Abelian 2-form gauge theory: special features

TL;DR

This paper explores the 4D free Abelian 2-form gauge theory, highlighting its role as a model for Hodge theory and a candidate for quasi-topological field theory, while clarifying its non-topological nature.

Contribution

It demonstrates that the 4D free Abelian 2-form gauge theory exhibits features of Hodge theory and quasi-topological field theory but is not an exact topological field theory.

Findings

The theory models aspects of Hodge theory.

It shares some topological features with 2D gauge theories.

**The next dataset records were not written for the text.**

lemma mpoly_proj_decomposition:
  assumes B0: "B0 \<subseteq> B" "finite B0" "\<forall>v\<in>lookup P ` keys P. v = (\<Sum>b\<in>B0. rep b v ^ q * b)"
  shows "P = (\<Sum>(b, a)\<in>B0 \<times> monomial_mod q ` keys P. Poly_Mapping.single a b * mpoly_proj (b, a) P ^ q)"
proof (rule poly_mapping_eqI)
  fix m
  let ?Al = "monomial_mod q ` keys P"
  have index: "B0 \<times> ?Al \<subseteq> proj_index" using B0 q_pos by (auto simp: proj_index_def)
  have "lookup (\<Sum>(b, a)\<in>B0 \<times> ?Al. Poly_Mapping.single a b * mpoly_proj (b, a) P ^ q) m
      = (\<Sum>(b, a)\<in>B0 \<times> ?Al. if a = monomial_mod q m then b * rep b (lookup P m) ^ q else 0)"
    unfolding lookup_sum by (intro sum.cong) (auto simp: lookup_single_mult_pow_proj[OF subsetD[OF index]])
  also have "\<dots> = (if monomial_mod q m \<in> ?Al then (\<Sum>b\<in>B0. rep b (lookup P m) ^ q * b) else 0)"
    by (simp add: sum.cartesian_product[symmetric] mult.commute)
  also have "\<dots> = lookup P m"
  proof (cases "m \<in> keys P")
    case False
    hence "lookup P m = 0" by (simp add: in_keys_iff)
    thus ?thesis using B0 q_pos by (auto simp: rep_zero intro!: sum.neutral)
  qed (use B0(3) in auto)
  finally show "lookup P m = lookup (\<Sum>(b, a)\<in>B0 \<times> ?Al. Poly_Mapping.single a b * mpoly_proj (b, a) P ^ q) m"
    by simp
qed

lemma frobenius_splitting_mpoly_proj: "frobenius_splitting (mpoly_ring n) q proj_index mpoly_proj"
proof (intro frobenius_splitting.intro frobenius_splitting_axioms.intro cring_mpoly_ring frobenius_linear_mpoly_proj)
  fix P :: "monomial \<Rightarrow>\<^sub>0 'k" assume P: "P \<in> carrier (mpoly_ring n)"
  let ?J = "frob_bracket (mpoly_ring n) q ((\<lambda>i. mpoly_proj i P) ` proj_index)"
  have J: "ideal ?J (mpoly_ring n)"
    using P mpoly_proj_carrier by (intro frob_bracket_ideal cring.axioms(1)[OF cring_mpoly_ring]) auto
  obtain B0 where B0: "B0 \<subseteq> B" "finite B0" "\<forall>v\<in>lookup P ` keys P. v = (\<Sum>b\<in>B0. rep b v ^ q * b)"
    using rep_span[of "lookup P ` keys P"] by auto
  have "Poly_Mapping.single a b * mpoly_proj (b, a) P ^ q \<in> ?J"
    if ba: "b \<in> B0" "a \<in> monomial_mod q ` keys P" for a b
  proof -
    obtain m where m: "m \<in> keys P" "a = monomial_mod q m" using ba by auto
    have "keys a \<subseteq> keys m" using m by (auto simp: in_keys_iff) (metis mod_0 not_gr0)
    hence "Poly_Mapping.single a b \<in> carrier (mpoly_ring n)"
      using P m unfolding mpoly_carrier_iff by auto
    moreover have "(b, a) \<in> proj_index" using ba m B0 q_pos by (auto simp: proj_index_def)
    hence "mpoly_proj (b, a) P ^ q \<in> ?J"
      using pow_mem_frob_bracket[of "mpoly_proj (b, a) P" _ "mpoly_ring n" q] by simp
    ultimately show ?thesis using ideal.I_l_closed[OF J] by fastforce
  qed
  hence "(\<Sum>(b, a)\<in>B0 \<times> monomial_mod q ` keys P. Poly_Mapping.single a b * mpoly_proj (b, a) P ^ q) \<in> ?J"
    by (intro mpoly_sum_mem_ideal[OF J]) auto
  thus "P \<in> ?J" using mpoly_proj_decomposition[OF B0] by simp
qed
theorem sum_valid_prob_pattern:
  assumes "I \<subseteq> {..<n}"
  shows "(\<Sum>s | s \<in> patterns n n \<and> valid_pattern n s. prob_pattern n I s) = (if I = {..<n} then 1 else 1 / real n)"
proof (cases "I = {..<n}")
  case True
  have "(\<Sum>s | s \<in> patterns n n \<and> valid_pattern n s. prob_pattern n I s) =
      (\<Sum>t\<in>patterns n n. (if (\<Sum>i<n. i * t i) mod n = 0 then 1 else 0) * prob_ident n {..<n} t)"
    using sum_valid_prob_pattern_eq[OF assms] True by (auto intro!: sum.cong)
  also have "\<dots> = (\<Sum>t\<in>patterns n n. prob_ident n {..<n} t)"
    by (intro sum.cong refl) (simp add: prob_ident_def amp_eq_0_if_not_valid valid_pattern_def)
  also have "\<dots> = 1"
    using sum_prob_ident_eq_1[of "{..<n}" n] by simp
  finally show ?thesis
    using True by simp
next
  case False
  then obtain d where d: "d \<in> {..<n} - I"
    using assms by blast
  then have "0 < n"
    by simp
  have "(\<Sum>s | s \<in> patterns n n \<and> valid_pattern n s. prob_pattern n I s) =
      (1 / real n) ^ card ({..<n} - I) * (real n ^ (card ({..<n} - I) - 1) * (\<Sum>t\<in>patterns n (card I). prob_ident n I t))"
    using sum_valid_prob_pattern_eq[OF assms] card_PiE_sum_mod_eq_0[OF \<open>0 < n\<close> _ d]
    by (simp add: sum_distrib_left)
  also have "\<dots> = 1 / real n"
    using d \<open>0 < n\<close> sum_prob_ident_eq_1[OF assms]
    by (cases "card ({..<n} - I)") (auto simp: power_one_over field_simps)
  finally show ?thesis
    using False by simp
qed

The Lagrangian cannot be expressed as a sum of BRST-exact terms.

Abstract

It is shown that the four $(3 + 1)$-dimensional (4D) free Abelian 2-form gauge theory provides an example of (i) a class of field theoretical models for the Hodge theory, and (ii) a possible candidate for the quasi-topological field theory (q-TFT). Despite many striking similarities with some of the key topological features of the two $(1 + 1)$-dimensional (2D) free Abelian (and self-interacting non-Abelian) gauge theories, it turns out that the 4D free Abelian 2-form gauge theory is {\it not} an exact TFT. To corroborate this conclusion, some of the key issues are discussed. In particular, it is shown that the (anti-)BRST and (anti-)co-BRST invariant quantities of the 4D 2-form Abelian gauge theory obey the recursion relations that are reminiscent of the exact TFTs but the Lagrangian density of this theory is not found to be able to be expressed as the sum of (anti-)BRST and (anti-)co-BRST exact quantities as is the case with the {\it topological} 2D free Abelian (and self-interacting non-Abelian) gauge theories.